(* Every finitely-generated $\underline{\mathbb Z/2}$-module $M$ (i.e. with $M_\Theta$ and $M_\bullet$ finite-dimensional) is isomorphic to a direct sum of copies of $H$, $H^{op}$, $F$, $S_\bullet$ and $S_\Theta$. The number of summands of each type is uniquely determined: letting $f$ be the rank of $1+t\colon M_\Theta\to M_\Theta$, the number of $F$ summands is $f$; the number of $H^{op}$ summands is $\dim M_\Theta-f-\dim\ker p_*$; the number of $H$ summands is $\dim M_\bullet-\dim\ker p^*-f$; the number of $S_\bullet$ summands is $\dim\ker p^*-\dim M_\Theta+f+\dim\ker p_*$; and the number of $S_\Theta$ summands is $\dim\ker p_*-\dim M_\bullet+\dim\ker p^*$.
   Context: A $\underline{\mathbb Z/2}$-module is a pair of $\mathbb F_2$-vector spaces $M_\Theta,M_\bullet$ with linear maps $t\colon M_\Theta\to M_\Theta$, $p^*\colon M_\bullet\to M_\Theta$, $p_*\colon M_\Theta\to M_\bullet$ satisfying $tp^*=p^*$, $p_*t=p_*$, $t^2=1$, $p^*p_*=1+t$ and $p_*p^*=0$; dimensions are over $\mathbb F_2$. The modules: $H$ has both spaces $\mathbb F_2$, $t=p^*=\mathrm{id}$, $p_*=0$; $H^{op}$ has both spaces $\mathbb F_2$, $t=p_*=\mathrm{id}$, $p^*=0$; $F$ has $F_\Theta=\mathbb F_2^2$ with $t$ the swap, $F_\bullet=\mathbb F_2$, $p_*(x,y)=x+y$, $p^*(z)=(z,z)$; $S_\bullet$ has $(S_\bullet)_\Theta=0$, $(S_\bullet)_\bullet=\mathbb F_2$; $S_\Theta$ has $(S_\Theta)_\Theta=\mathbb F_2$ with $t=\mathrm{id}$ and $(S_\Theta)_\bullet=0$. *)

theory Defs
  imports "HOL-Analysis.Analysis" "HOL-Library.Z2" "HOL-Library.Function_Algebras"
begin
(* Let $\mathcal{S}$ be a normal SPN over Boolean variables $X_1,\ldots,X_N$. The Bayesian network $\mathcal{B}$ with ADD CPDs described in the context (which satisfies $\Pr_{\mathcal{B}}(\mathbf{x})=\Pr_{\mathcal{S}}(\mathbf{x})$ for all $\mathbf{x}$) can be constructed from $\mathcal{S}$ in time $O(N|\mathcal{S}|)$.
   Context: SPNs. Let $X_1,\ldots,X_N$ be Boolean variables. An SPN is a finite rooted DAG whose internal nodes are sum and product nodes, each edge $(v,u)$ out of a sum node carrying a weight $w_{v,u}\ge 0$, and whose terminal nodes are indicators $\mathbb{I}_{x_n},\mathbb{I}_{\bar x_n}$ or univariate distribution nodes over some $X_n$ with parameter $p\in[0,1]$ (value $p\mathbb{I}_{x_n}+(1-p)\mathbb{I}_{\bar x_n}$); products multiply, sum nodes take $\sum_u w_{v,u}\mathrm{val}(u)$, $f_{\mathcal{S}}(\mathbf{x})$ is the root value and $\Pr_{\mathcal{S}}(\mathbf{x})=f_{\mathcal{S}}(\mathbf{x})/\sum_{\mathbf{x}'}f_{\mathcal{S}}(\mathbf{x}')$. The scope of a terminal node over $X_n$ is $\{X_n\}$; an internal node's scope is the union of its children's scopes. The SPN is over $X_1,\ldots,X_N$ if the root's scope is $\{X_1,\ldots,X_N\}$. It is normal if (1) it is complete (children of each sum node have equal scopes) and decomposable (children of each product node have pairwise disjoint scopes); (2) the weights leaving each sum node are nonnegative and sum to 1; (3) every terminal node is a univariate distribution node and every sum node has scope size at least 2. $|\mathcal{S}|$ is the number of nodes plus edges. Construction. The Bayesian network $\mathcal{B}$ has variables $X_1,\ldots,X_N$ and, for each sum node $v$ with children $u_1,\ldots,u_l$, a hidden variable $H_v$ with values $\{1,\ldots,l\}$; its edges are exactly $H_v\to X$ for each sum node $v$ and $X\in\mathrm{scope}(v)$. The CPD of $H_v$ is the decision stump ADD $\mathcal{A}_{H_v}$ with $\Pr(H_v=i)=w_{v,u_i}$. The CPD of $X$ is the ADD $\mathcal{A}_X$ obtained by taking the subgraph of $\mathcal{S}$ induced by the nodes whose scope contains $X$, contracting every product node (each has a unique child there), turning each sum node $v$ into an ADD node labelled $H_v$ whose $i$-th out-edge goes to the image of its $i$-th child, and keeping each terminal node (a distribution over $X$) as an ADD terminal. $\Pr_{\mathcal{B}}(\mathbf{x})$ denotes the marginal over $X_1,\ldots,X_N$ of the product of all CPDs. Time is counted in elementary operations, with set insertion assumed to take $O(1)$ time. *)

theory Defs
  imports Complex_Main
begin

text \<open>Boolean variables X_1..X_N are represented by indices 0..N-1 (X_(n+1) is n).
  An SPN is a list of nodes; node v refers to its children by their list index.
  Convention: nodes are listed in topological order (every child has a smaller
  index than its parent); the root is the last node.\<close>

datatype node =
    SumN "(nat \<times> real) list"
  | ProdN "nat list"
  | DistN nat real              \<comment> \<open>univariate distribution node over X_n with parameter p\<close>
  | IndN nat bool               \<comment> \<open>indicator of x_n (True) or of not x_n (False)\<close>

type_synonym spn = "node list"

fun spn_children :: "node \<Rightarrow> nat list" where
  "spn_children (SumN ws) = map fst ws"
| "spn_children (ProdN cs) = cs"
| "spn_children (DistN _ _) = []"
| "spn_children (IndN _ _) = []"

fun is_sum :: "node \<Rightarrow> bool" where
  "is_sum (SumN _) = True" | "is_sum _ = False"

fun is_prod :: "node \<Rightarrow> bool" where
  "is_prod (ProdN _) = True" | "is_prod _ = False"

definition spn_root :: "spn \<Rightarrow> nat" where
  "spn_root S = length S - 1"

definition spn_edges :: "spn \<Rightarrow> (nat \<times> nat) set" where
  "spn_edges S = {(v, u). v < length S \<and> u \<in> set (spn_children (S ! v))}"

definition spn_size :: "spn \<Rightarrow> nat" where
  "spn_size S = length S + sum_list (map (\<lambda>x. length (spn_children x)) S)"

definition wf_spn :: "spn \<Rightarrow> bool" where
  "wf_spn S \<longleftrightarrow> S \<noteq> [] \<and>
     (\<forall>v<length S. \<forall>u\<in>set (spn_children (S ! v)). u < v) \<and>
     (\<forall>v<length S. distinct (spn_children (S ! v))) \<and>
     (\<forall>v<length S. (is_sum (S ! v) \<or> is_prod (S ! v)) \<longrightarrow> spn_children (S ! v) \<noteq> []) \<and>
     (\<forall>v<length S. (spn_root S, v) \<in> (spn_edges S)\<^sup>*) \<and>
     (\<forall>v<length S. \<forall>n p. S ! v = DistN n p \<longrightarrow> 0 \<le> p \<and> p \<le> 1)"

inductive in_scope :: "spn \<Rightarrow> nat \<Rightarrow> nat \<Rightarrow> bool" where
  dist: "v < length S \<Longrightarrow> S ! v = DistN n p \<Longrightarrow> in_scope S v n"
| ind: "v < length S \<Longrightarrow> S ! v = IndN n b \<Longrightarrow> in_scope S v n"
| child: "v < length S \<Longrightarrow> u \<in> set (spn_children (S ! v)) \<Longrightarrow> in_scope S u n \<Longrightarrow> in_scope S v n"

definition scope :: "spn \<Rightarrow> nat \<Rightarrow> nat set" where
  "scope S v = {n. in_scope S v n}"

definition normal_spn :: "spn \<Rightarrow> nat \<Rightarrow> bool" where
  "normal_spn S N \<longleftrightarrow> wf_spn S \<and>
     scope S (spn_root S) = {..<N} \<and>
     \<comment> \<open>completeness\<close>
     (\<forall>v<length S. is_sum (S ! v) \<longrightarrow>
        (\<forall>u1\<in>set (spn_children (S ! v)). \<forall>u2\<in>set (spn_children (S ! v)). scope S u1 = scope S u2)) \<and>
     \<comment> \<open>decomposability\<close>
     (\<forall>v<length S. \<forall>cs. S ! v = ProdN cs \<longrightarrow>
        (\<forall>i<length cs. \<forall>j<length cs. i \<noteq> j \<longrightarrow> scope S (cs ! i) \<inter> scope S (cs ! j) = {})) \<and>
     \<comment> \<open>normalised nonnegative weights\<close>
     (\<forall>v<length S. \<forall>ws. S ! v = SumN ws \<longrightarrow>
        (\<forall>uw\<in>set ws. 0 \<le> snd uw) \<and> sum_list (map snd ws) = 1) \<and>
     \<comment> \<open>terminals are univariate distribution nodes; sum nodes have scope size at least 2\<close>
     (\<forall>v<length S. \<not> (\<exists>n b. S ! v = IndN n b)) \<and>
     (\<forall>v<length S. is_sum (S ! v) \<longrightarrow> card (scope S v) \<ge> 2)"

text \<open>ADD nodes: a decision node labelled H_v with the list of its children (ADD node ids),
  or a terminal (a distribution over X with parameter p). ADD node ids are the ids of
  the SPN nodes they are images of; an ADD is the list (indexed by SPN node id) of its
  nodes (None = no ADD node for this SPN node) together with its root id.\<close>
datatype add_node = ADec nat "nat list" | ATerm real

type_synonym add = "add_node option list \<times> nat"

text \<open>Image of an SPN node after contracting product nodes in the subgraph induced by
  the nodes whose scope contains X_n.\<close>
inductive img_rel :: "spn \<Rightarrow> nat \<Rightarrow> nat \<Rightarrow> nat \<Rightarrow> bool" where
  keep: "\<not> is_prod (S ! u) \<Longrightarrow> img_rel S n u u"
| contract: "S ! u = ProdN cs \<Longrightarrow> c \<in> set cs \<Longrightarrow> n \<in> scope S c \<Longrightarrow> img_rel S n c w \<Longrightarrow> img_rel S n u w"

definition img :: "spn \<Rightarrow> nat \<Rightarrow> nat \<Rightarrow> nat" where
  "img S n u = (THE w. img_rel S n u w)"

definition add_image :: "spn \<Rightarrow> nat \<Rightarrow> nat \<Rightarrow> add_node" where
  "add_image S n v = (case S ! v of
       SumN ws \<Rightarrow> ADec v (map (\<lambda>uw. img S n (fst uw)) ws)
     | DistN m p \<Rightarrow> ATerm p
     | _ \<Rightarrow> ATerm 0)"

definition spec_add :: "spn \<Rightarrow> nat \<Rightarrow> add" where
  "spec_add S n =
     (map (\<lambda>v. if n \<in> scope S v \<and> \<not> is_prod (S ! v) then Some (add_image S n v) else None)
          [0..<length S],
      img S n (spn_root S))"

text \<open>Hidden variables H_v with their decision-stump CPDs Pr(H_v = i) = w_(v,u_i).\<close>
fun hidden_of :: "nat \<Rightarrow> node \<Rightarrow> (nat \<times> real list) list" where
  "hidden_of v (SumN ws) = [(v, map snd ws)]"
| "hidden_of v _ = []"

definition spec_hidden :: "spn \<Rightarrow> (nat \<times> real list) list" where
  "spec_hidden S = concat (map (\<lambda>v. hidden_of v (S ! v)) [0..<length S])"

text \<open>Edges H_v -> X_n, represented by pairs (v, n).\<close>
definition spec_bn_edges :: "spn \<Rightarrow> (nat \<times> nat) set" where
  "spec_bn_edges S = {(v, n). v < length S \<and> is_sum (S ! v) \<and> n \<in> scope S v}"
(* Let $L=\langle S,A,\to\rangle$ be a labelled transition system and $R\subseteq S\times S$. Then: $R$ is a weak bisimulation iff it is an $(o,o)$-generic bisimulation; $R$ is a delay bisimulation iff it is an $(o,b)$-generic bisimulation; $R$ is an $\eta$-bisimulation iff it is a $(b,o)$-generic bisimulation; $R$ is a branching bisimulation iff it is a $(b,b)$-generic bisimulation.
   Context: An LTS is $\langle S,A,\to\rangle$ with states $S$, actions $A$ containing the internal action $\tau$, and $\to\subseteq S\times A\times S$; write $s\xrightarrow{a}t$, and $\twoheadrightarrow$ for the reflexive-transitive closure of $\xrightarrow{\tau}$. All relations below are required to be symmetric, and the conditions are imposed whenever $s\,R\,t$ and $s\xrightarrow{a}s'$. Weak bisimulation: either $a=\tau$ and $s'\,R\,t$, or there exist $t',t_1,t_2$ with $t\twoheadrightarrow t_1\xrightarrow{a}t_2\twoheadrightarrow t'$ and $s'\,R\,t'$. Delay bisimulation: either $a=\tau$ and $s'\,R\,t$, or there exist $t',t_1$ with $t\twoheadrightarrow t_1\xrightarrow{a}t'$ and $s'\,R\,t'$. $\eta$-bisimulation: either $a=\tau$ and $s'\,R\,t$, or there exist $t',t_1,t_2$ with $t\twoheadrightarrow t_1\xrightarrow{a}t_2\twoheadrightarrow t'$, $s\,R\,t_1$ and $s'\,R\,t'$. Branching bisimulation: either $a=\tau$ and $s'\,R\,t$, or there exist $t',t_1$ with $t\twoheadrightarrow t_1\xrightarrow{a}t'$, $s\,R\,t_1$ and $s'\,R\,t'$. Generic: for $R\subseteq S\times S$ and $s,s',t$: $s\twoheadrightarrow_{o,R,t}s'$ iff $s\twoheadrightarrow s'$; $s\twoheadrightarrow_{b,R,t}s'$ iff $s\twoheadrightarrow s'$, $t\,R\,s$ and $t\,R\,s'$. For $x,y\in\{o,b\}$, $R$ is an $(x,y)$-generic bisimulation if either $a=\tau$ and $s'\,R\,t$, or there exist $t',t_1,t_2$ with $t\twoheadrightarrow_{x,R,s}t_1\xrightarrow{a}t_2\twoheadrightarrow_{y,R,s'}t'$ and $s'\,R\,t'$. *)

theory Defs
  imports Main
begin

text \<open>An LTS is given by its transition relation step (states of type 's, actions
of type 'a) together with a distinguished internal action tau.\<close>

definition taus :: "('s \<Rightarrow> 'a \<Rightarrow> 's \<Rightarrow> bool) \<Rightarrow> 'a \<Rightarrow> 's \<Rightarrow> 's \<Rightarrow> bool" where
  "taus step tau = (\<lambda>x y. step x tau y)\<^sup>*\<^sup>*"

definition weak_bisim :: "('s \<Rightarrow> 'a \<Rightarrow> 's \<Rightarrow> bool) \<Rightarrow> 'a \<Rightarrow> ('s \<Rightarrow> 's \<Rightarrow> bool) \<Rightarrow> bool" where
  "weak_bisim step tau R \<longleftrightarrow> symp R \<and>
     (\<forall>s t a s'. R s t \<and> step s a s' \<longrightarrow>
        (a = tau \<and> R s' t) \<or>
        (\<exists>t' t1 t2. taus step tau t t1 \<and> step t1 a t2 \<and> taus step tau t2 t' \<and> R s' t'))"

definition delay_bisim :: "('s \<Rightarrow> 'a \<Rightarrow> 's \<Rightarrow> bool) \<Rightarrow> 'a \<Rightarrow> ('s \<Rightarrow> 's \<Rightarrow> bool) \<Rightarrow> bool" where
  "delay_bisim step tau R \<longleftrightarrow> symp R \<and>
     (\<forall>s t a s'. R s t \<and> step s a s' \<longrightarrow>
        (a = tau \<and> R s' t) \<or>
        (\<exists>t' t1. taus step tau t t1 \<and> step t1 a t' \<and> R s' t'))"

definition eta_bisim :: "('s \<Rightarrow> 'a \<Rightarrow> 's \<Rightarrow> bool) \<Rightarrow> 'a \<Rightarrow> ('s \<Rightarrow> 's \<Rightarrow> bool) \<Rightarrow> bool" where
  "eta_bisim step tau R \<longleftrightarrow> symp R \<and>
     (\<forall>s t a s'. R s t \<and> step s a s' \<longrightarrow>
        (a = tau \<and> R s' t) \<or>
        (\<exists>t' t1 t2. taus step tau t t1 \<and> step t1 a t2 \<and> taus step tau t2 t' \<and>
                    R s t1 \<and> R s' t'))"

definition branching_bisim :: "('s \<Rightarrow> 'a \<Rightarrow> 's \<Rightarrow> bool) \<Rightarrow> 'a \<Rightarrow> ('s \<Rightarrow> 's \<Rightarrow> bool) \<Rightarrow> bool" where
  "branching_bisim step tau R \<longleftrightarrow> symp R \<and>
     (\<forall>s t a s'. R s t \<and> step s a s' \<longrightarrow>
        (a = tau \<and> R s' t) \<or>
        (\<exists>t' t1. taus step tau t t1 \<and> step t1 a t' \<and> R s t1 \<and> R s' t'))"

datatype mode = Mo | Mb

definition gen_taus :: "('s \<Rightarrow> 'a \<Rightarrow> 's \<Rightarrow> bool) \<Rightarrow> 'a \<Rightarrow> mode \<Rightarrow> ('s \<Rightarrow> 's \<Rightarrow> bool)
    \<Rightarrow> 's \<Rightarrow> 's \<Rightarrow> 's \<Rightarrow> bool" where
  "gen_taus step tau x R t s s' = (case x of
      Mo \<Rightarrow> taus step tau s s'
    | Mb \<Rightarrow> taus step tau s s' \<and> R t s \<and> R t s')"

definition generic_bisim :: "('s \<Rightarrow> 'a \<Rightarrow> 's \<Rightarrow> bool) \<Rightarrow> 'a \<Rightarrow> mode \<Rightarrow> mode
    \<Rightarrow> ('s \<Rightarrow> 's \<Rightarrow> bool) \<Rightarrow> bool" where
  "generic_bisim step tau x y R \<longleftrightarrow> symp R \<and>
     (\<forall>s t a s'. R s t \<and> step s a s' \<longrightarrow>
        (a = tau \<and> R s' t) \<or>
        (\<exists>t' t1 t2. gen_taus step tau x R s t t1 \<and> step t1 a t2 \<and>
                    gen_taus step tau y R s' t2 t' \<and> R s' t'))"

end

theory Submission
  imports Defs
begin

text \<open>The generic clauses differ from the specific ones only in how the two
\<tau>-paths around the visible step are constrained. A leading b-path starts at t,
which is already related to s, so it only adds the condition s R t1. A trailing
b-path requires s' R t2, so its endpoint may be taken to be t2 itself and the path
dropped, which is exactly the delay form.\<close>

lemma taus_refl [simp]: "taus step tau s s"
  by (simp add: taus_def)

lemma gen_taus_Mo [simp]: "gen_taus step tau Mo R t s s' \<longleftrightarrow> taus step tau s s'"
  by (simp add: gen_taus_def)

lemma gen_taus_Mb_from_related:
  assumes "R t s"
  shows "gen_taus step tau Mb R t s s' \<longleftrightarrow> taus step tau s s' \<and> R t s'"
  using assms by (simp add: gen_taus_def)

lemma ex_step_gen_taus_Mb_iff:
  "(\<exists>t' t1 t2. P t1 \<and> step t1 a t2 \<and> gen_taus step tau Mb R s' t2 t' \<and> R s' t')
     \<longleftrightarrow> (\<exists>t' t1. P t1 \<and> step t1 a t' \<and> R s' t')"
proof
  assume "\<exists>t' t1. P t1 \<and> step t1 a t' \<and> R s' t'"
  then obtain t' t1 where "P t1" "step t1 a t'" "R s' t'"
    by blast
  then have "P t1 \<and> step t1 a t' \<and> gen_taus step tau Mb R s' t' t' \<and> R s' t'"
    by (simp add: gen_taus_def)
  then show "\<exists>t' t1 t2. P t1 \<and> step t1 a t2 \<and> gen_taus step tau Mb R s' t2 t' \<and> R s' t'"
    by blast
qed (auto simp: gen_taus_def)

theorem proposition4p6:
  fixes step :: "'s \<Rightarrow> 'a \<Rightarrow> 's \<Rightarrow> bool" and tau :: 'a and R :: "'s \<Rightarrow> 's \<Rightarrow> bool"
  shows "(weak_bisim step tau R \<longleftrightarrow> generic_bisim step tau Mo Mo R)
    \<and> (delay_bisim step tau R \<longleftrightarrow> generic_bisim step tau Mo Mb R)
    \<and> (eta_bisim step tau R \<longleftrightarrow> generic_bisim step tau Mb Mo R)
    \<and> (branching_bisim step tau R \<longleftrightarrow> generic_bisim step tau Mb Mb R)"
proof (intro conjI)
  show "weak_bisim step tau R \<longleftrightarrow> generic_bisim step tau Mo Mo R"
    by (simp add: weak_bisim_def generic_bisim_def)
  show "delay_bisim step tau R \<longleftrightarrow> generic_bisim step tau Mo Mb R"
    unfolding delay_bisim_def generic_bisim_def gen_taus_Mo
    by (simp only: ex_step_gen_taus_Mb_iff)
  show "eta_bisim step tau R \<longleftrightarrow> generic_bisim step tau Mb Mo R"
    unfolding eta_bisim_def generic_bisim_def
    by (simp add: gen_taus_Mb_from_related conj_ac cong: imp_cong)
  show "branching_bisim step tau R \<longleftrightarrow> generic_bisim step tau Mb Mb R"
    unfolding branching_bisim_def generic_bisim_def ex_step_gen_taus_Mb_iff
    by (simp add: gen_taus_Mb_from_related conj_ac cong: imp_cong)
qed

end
=-=-=
> _Problem to solve_
Only lines with the word "lambda" are wanted. Find and copy them from the records above.

> _Answer to the exercise_
  "spn_size S = length S + sum_list (map (\<lambda>x. length (spn_children x)) S)"
       SumN ws \<Rightarrow> ADec v (map (\<lambda>uw. img S n (fst uw)) ws)
     (map (\<lambda>v. if n \<in> scope S v \<and> \<not> is_prod (S ! v) then Some (add_image S n v) else None)
  "spec_hidden S = concat (map (\<lambda>v. hidden_of v (S ! v)) [0..<length S])"
  "taus step tau = (\<lambda>x y. step x tau y)\<^sup>*\<^sup>*"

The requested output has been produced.